I make my living harvesting and selling wild mushrooms from the mountains and valleys of Southern B.C. The decorative products can include moss, boxwood, fir and pine boughs for Christmas, pinecones, salal (a coastal shrub), and whatever else is pretty and desirable in the flower industry. Medicinal products can include herbaceous plants, Labrador tea (wild rhododendron), rosehips, and reishi mushrooms.

An unfortunate fact is for the majority of our population, the forest is just a bunch trees. The idea the forest can produce something other than lumber has been around forever but the idea is going mainstream as more people are visibly harvesting and living on forest products. This is all without ending the lives of trees or animals.

The value of our forests is calculated in dollars per acre, per harvest. I am not up to date on the numbers, but just for a quick example I will throw out a few. Let's say forested land can be harvested and sold at $1000/acre. This can happen once every 40 to 80 years. Now let's say non-timber forest products could be harvested at $100-$300/acre. This can happen every year. I did just make these numbers up, but I have no doubt that they could be very realistic. In eight weeks an experienced mushroom forager can easily produce hundreds of dollars worth of fungi from a healthy acre of rainforest.
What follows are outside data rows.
lemma hdist_edge_le:
  assumes hg: "hypergraph V E" and conn: "hconnected V E"
    and "e \<in> E" "a \<in> e" "b \<in> e" "w \<in> V"
  shows "hdist V E a w \<le> hdist V E b w + 1"
proof -
  have V: "a \<in> V" "b \<in> V"
    using hg assms unfolding hypergraph_def by auto
  have "(hadj E ^^ 1) a b"
    using assms unfolding hadj_def by auto
  then have "(hadj E ^^ (1 + hdist V E b w)) a w"
    using hdist_hadj_pow[OF conn V(2) \<open>w \<in> V\<close>] by (rule relpowp_trans)
  then show ?thesis
    using hdist_le[OF hg V(1)] by fastforce
qed

lemma hdist_add_two_imp_distinct:
  assumes hg: "hypergraph V E" and conn: "hconnected V E" and e1: "e1 \<in> E" and e2: "e2 \<in> E"
    and u1: "u1 \<in> e1" and v1: "v1 \<in> e1" and u2: "u2 \<in> e2" and v2: "v2 \<in> e2"
    and dist: "hdist V E u1 u2 = hdist V E v1 v2 + 2"
  shows "u1 \<noteq> v1" and "u2 \<noteq> v2"
proof -
  have V: "u1 \<in> V" "u2 \<in> V" "v2 \<in> V"
    using hg e1 e2 u1 u2 v2 unfolding hypergraph_def by auto
  show "u1 \<noteq> v1"
    using dist hdist_edge_le[OF hg conn e2 u2 v2 V(1)]
      hdist_sym[OF hg conn V(1) V(2)] hdist_sym[OF hg conn V(1) V(3)] by auto
  show "u2 \<noteq> v2"
    using dist hdist_edge_le[OF hg conn e1 u1 v1 V(2)] by auto
qed

lemma comp_minus_edge_eq:
  assumes "hypergraph V E" "c \<in> V"
  shows "comp_minus_edge V E e c = {w \<in> V. \<exists>n. (hadj (E - {e}) ^^ n) c w}"
proof -
  have "(\<exists>p. loose_path_from V (E - {e}) c w p) \<longleftrightarrow> (\<exists>n. (hadj (E - {e}) ^^ n) c w)" for w
    using hadj_pow_imp_loose_path_from[OF assms(1) Diff_subset assms(2)]
      loose_path_from_imp_hadj_pow by meson
  then show ?thesis
    unfolding comp_minus_edge_def by simp
qed

section \<open>Edges of a hypertree separate their vertices\<close>

lemma loose_cycle_of_geodesic:
  assumes hg: "hypergraph V E" and e: "e \<in> E" and F: "F \<subseteq> E - {e}"
    and walk: "hwalk F n g h" and geo: "geodesic F n g" and n: "0 < n"
    and ends: "g 0 \<in> e" "g n \<in> e"
    and avoid: "\<And>i. 0 < i \<Longrightarrow> i + 1 < n \<Longrightarrow> h i \<inter> e = {}"
  shows "loose_cycle V E (map g [0..<Suc n]) (map h [0..<n] @ [e])"
proof -
  define vs where "vs = map g [0..<Suc n]"
  define es where "es = map h [0..<n] @ [e]"
  have "g 0 \<in> V"
    using hg e ends unfolding hypergraph_def by blast
  moreover have "F \<subseteq> E"
    using F by blast
  ultimately have path: "loose_path V F vs (map h [0..<n])"
    unfolding vs_def using loose_path_of_geodesic[OF hg _ _ walk geo] by blast
  have len: "length es = Suc n" "length vs = Suc n"
    unfolding vs_def es_def by simp_all
  have es_nth: "es ! i = (if i < n then h i else e)" if "i < Suc n" for i
    using that unfolding es_def by (auto simp: nth_append)
  have vs_nth: "vs ! i = g i" if "i < Suc n" for i
    using that unfolding vs_def by (simp del: upt_Suc add: nth_map_upt)
  have step: "h i \<in> F" "g i \<in> h i" "g (Suc i) \<in> h i" if "i < n" for i
    using walk that unfolding hwalk_def by auto
  note disjoint = geodesic_hwalk_loose(3)[OF walk geo]
  show ?thesis
    unfolding loose_cycle_def len vs_def[symmetric] es_def[symmetric]
  proof (intro conjI allI impI)
    show "2 \<le> Suc n"
      using n by simp
    show "Suc n = Suc n" ..
    show "set vs \<subseteq> V" "distinct vs"
      using path unfolding loose_path_def by simp_all
    show "set es \<subseteq> E"
      unfolding es_def using step(1) F e by fastforce
    have "h i \<noteq> e" if "i < n" for i
      using step(1)[OF that] F by blast
    then have "e \<notin> set (map h [0..<n])"
      by fastforce
    then show "distinct es"
      using path unfolding loose_path_def es_def by simp
  next
    fix i assume "i < Suc n"
    then consider "i < n" | "i = n"
      by linarith
    then have "vs ! i \<in> es ! i \<and> vs ! (Suc i mod Suc n) \<in> es ! i"
    proof cases
      case 1
      then show ?thesis
        using step es_nth vs_nth by simp
    next
      case 2
      then show ?thesis
        using ends es_nth vs_nth by simp
    qed
    then show "vs ! i \<in> es ! i" "vs ! (Suc i mod Suc n) \<in> es ! i"
      by simp_all
  next
    fix i j assume ij: "i < Suc n" "j < Suc n"
      "i \<noteq> j \<and> Suc i mod Suc n \<noteq> j \<and> Suc j mod Suc n \<noteq> i"
    consider "i < n" "j < n" | "i < n" "j = n" | "i = n" "j < n" | "i = n" "j = n"
      using ij(1,2) by linarith
    then show "es ! i \<inter> es ! j = {}"
    proof cases
      case 1
      then have "es ! i = h i" "es ! j = h j"
        using es_nth by simp_all
      moreover have "i + 1 < j \<or> j + 1 < i"
        using ij(3) 1 by auto
      ultimately show ?thesis
        using 1 disjoint[of i j] disjoint[of j i] by blast
    next
      case 2
      then show ?thesis
        using ij(3) avoid[of i] es_nth by auto
    next
      case 3
      then show ?thesis
        using ij(3) avoid[of j] es_nth by auto
    qed (use ij in simp)
  qed
qed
Now please take the time to consider the impact of each activity. If we embrace the idea of a wild harvest and the government does not regulate the industry out of existence, we could have an economic and environmental revolution. It is always worth mentioning that more time spent consuming and harvesting wild foods will increase our physical health, mental health, and happiness.
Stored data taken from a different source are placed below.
(* Assume that for every $x\in V$ the functions $s\mapsto H(x,s)$ and $s\mapsto f_l(x,s)$ ($l=1,\dots,m$) are nondecreasing, and that $|H(x,s)-H(x,t)|\le|s-t|$ for all $x\in V$, $s,t\in[0,\infty)$. If $(u^1,\dots,u^m)$ and $(v^1,\dots,v^m)$ both solve the discrete system (S), then for every $l=1,\dots,m$, $$\max_{x\in V}\big(\hat{u}^l(x)-\hat{v}^l(x)\big)=\max_{\{x\in V:\ u^l(x)\le v^l(x)\}}\big(\hat{u}^l(x)-\hat{v}^l(x)\big),$$ and, symmetrically, $$\max_{x\in V}\big(\hat{v}^l(x)-\hat{u}^l(x)\big)=\max_{\{x\in V:\ v^l(x)\le u^l(x)\}}\big(\hat{v}^l(x)-\hat{u}^l(x)\big).$$
   Context: Let $G=(V,E)$ be a finite, connected, undirected graph with at least two vertices. For $x,y\in V$, $d(x,y)$ denotes the graph (shortest-path) distance, and $\deg(x)=|\{y\in V:(x,y)\in E\}|$. The boundary of $G$ is $$\partial G=\Big\{x\in V:\ \exists\, y\in V \text{ with } \tfrac{1}{\deg(x)}\textstyle\sum_{(x,z)\in E} d(z,y)<d(x,y)\Big\},$$ and the interior is $G^o=V\setminus\partial G$. For $r:V\to\mathbb{R}$, the mean value at $x$ is $\overline{r}(x)=\frac{1}{\deg(x)}\sum_{(x,y)\in E} r(y)$. Fix an integer $m\ge1$. Let $H:V\times[0,\infty)\to\mathbb{R}$ and $f_l:V\times[0,\infty)\to\mathbb{R}$ ($l=1,\dots,m$) be continuous in the second variable with $H(x,0)=0$ and $f_l(x,0)=0$ for all $x\in V$; they are extended to negative arguments by $H(x,s)=-H(x,-s)$ and $f_l(x,s)=-f_l(x,-s)$ for $s<0$. Let $\phi^l:\partial G\to[0,\infty)$ ($l=1,\dots,m$) be boundary data satisfying $\phi^i(x)\phi^j(x)=0$ for all $x\in\partial G$ and $i\neq j$. The discrete system (S) for $(u^1,\dots,u^m)$, $u^l:V\to\mathbb{R}$, is: for every $l=1,\dots,m$, $$u^l(x)=\max\Big(H\Big(x,\ \overline{u}^l(x)-\sum_{p\neq l}\overline{u}^p(x)\Big)-f_l\big(x,u^l(x)\big),\ 0\Big)\quad (x\in G^o),\qquad u^l(x)=\phi^l(x)\quad (x\in\partial G).$$ For a vector $(u^1,\dots,u^m)$ we write $\hat{u}^l(x)=u^l(x)-\sum_{p\neq l}u^p(x)$, and similarly $\hat{v}^l$. *)

theory Defs
  imports "HOL-Analysis.Analysis"
begin

definition graph :: "'a set \<Rightarrow> ('a \<Rightarrow> 'a \<Rightarrow> bool) \<Rightarrow> bool" where
  "graph V E \<longleftrightarrow> finite V \<and> card V \<ge> 2
     \<and> (\<forall>x y. E x y \<longrightarrow> x \<in> V \<and> y \<in> V)
     \<and> (\<forall>x y. E x y \<longrightarrow> E y x) \<and> (\<forall>x. \<not> E x x)
     \<and> (\<forall>x\<in>V. \<forall>y\<in>V. \<exists>n. (x, y) \<in> {(a, b). E a b} ^^ n)"

definition nbrs :: "'a set \<Rightarrow> ('a \<Rightarrow> 'a \<Rightarrow> bool) \<Rightarrow> 'a \<Rightarrow> 'a set" where
  "nbrs V E x = {y \<in> V. E x y}"

definition deg :: "'a set \<Rightarrow> ('a \<Rightarrow> 'a \<Rightarrow> bool) \<Rightarrow> 'a \<Rightarrow> nat" where
  "deg V E x = card (nbrs V E x)"

definition gdist :: "('a \<Rightarrow> 'a \<Rightarrow> bool) \<Rightarrow> 'a \<Rightarrow> 'a \<Rightarrow> nat" where
  "gdist E x y = (LEAST n. (x, y) \<in> {(a, b). E a b} ^^ n)"

definition mean_val :: "'a set \<Rightarrow> ('a \<Rightarrow> 'a \<Rightarrow> bool) \<Rightarrow> ('a \<Rightarrow> real) \<Rightarrow> 'a \<Rightarrow> real" where
  "mean_val V E r x = (\<Sum>y\<in>nbrs V E x. r y) / real (deg V E x)"

definition bdry :: "'a set \<Rightarrow> ('a \<Rightarrow> 'a \<Rightarrow> bool) \<Rightarrow> 'a set" where
  "bdry V E = {x \<in> V. \<exists>y\<in>V.
      (\<Sum>z\<in>nbrs V E x. real (gdist E z y)) / real (deg V E x) < real (gdist E x y)}"

definition interior_set :: "'a set \<Rightarrow> ('a \<Rightarrow> 'a \<Rightarrow> bool) \<Rightarrow> 'a set" where
  "interior_set V E = V - bdry V E"

definition solves_S ::
  "'a set \<Rightarrow> ('a \<Rightarrow> 'a \<Rightarrow> bool) \<Rightarrow> nat \<Rightarrow> ('a \<Rightarrow> real \<Rightarrow> real)
   \<Rightarrow> (nat \<Rightarrow> 'a \<Rightarrow> real \<Rightarrow> real) \<Rightarrow> (nat \<Rightarrow> 'a \<Rightarrow> real)
   \<Rightarrow> (nat \<Rightarrow> 'a \<Rightarrow> real) \<Rightarrow> bool" where
  "solves_S V E m H f \<phi> u \<longleftrightarrow>
     (\<forall>l\<in>{1..m}.
        (\<forall>x\<in>interior_set V E.
           u l x = max (H x (mean_val V E (u l) x - (\<Sum>p\<in>{1..m} - {l}. mean_val V E (u p) x))
                        - f l x (u l x)) 0)
      \<and> (\<forall>x\<in>bdry V E. u l x = \<phi> l x))"

definition hat :: "nat \<Rightarrow> (nat \<Rightarrow> 'a \<Rightarrow> real) \<Rightarrow> nat \<Rightarrow> 'a \<Rightarrow> real" where
  "hat m u l x = u l x - (\<Sum>p\<in>{1..m} - {l}. u p x)"

end

theory Submission imports Defs begin

text \<open>Let \<open>w = hat u\<^sup>l - hat v\<^sup>l\<close>. Where \<open>u\<^sup>l > v\<^sup>l\<close> the vertex is interior (both solutions
equal \<open>\<phi>\<^sup>l\<close> on the boundary) and the equations of (S) are segregated: a positive component of a
solution forces all other components to vanish. Then \<open>u\<^sup>l\<close> is the only positive component of
\<open>u\<close>, and monotonicity of \<open>f\<^sub>l\<close> and \<open>H\<close> together with the 1-Lipschitz bound on \<open>H\<close> give
\<open>w \<le> mean w\<close> there. By the discrete maximum principle the maximum of \<open>w\<close> cannot be attained only
on \<open>{u\<^sup>l > v\<^sup>l}\<close>: the maximum points would be closed under neighbours and, the graph being
connected, would contain a boundary point.\<close>

lemma odd_extension_mono:
  fixes h :: "real \<Rightarrow> real"
  assumes mono: "mono_on {0..} h" and h0: "h 0 = 0"
    and odd: "\<And>s. s < 0 \<Longrightarrow> h s = - h (- s)"
  shows "mono h"
proof (rule monoI)
  have nonneg_mono: "h s \<le> h t" if "0 \<le> s" "s \<le> t" for s t
    using mono that by (simp add: mono_on_def)
  fix s t :: real
  assume st: "s \<le> t"
  show "h s \<le> h t"
  proof (cases "0 \<le> s")
    case True
    then show ?thesis using nonneg_mono st by simp
  next
    case False
    then have hs: "h s = - h (- s)" and "0 \<le> h (- s)"
      using odd nonneg_mono[of 0 "- s"] h0 by auto
    show ?thesis
    proof (cases "0 \<le> t")
      case True
      then have "0 \<le> h t" using nonneg_mono[of 0 t] h0 by simp
      then show ?thesis using hs \<open>0 \<le> h (- s)\<close> by linarith
    next
      case False
      then have "h t = - h (- t)" and "h (- t) \<le> h (- s)"
        using odd nonneg_mono[of "- t" "- s"] st by auto
      then show ?thesis using hs by linarith
    qed
  qed
qed

lemma odd_extension_contraction:
  fixes h :: "real \<Rightarrow> real"
  assumes h0: "h 0 = 0"
    and odd: "\<And>s. s < 0 \<Longrightarrow> h s = - h (- s)"
    and lip: "\<And>s t. 0 \<le> s \<Longrightarrow> 0 \<le> t \<Longrightarrow> \<bar>h s - h t\<bar> \<le> \<bar>s - t\<bar>"
    and ts: "t \<le> s"
  shows "h s - h t \<le> s - t"
proof (cases "0 \<le> t")
  case True
  then show ?thesis using lip[of s t] ts by simp
next
  case False
  then have ht: "h t = - h (- t)" and "h (- t) \<le> - t"
    using odd lip[of "- t" 0] h0 by auto
  show ?thesis
  proof (cases "0 \<le> s")
    case True
    then have "h s \<le> s" using lip[of s 0] h0 by simp
    then show ?thesis using ht \<open>h (- t) \<le> - t\<close> by linarith
  next
    case False
    then have "h s = - h (- s)" and "h (- t) - h (- s) \<le> s - t"
      using odd lip[of "- t" "- s"] \<open>\<not> 0 \<le> t\<close> ts by auto
    then show ?thesis using ht by linarith
  qed
qed

definition hat_vec :: "nat set \<Rightarrow> (nat \<Rightarrow> real) \<Rightarrow> nat \<Rightarrow> real" where
  "hat_vec K g k = g k - (\<Sum>p\<in>K - {k}. g p)"

lemma hat_eq_hat_vec: "hat m u l x = hat_vec {1..m} (\<lambda>k. u k x) l"
  by (simp add: hat_def hat_vec_def)

lemma hat_vec_add_nonpos:
  assumes K: "finite K" and k: "k \<in> K" and p: "p \<in> K" and pk: "p \<noteq> k"
    and nonneg: "\<And>q. q \<in> K \<Longrightarrow> 0 \<le> g q"
  shows "hat_vec K g k + hat_vec K g p \<le> 0"
proof -
  have "(\<Sum>q\<in>K - {k}. g q) = g p + (\<Sum>q\<in>K - {k} - {p}. g q)"
    using K p pk by (subst sum.remove[of _ p]) auto
  moreover have "(\<Sum>q\<in>K - {p}. g q) = g k + (\<Sum>q\<in>K - {k} - {p}. g q)"
    using K k pk by (subst sum.remove[of _ k]) (auto simp: Diff_insert2 [symmetric] insert_commute)
  moreover have "0 \<le> (\<Sum>q\<in>K - {k} - {p}. g q)"
    using nonneg by (intro sum_nonneg) auto
  ultimately show ?thesis by (simp add: hat_vec_def)
qed

text \<open>The equations of (S) at one interior vertex \<open>x\<close>: \<open>h = H(x,\<cdot>)\<close>, \<open>f k = f\<^sub>k(x,\<cdot>)\<close>, and the
data \<open>\<alpha> k\<close> are the mean values of \<open>u\<^sup>k\<close> at \<open>x\<close>. Since \<open>hat_vec K \<alpha> k\<close> may be negative, \<open>h\<close> is
required to be monotone and 1-Lipschitz on all of \<open>\<real>\<close>, which holds for the odd extension.\<close>

locale segregated_system =
  fixes K :: "nat set" and h :: "real \<Rightarrow> real" and f :: "nat \<Rightarrow> real \<Rightarrow> real"
  assumes finite_K: "finite K"
    and h_mono: "mono h" and h_zero: "h 0 = 0"
    and h_contraction: "\<And>s t. t \<le> s \<Longrightarrow> h s - h t \<le> s - t"
    and f_mono: "\<And>k. k \<in> K \<Longrightarrow> mono_on {0..} (f k)"
    and f_zero: "\<And>k. k \<in> K \<Longrightarrow> f k 0 = 0"
begin

definition solution :: "(nat \<Rightarrow> real) \<Rightarrow> (nat \<Rightarrow> real) \<Rightarrow> bool" where
  "solution \<alpha> w \<longleftrightarrow> (\<forall>k\<in>K. w k = max (h (hat_vec K \<alpha> k) - f k (w k)) 0)"

lemma f_nonneg:
  assumes "k \<in> K" and "0 \<le> s"
  shows "0 \<le> f k s"
  using mono_onD[OF f_mono[of k], of 0 s] f_zero[of k] assms by simp

lemma solution_nonneg: "solution \<alpha> w \<Longrightarrow> k \<in> K \<Longrightarrow> 0 \<le> w k"
  unfolding solution_def by (metis max.cobounded2)

lemma solution_pos_eq:
  "solution \<alpha> w \<Longrightarrow> k \<in> K \<Longrightarrow> 0 < w k \<Longrightarrow> w k = h (hat_vec K \<alpha> k) - f k (w k)"
  unfolding solution_def by (metis max_def order_less_irrefl)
For eight weeks in September and October I will be living in the woods across from Nakusp on Arrow Lake. I am not the only mushroom picker in the woods, and together we make a temporary community. My neighbours at camp have all been harvesting for at least twenty years. Their lifestyle is a struggle, comparable to the lifestyle of a gold miner. There are a lot of up and downs for pickers living in the bush. These people all live a nomadic life. During winter, they either live in somewhere in rural B.C., or they migrate to the US to continue harvesting. In the spring they fire up the vans, pack up the dehydrators, and hit the road in search of morel mushrooms.

We are all working together to get local mushrooms to local markets and make sure the middleman doesn't take away our opportunity. Mushroom buyers will almost always drop their prices in unison, making a collective monopoly. When you are camped in a remote area, the buyers have all the power. It is up to the pickers to find alternate markets and get real value for their product. The wilds of B.C. produce the best food in the world (as well as many other useful and sustainable non-food items). More often we can trace the vegetables on our plate in a restaurant to the local farm that produced them. This same reverence for local wild crops is just around the corner.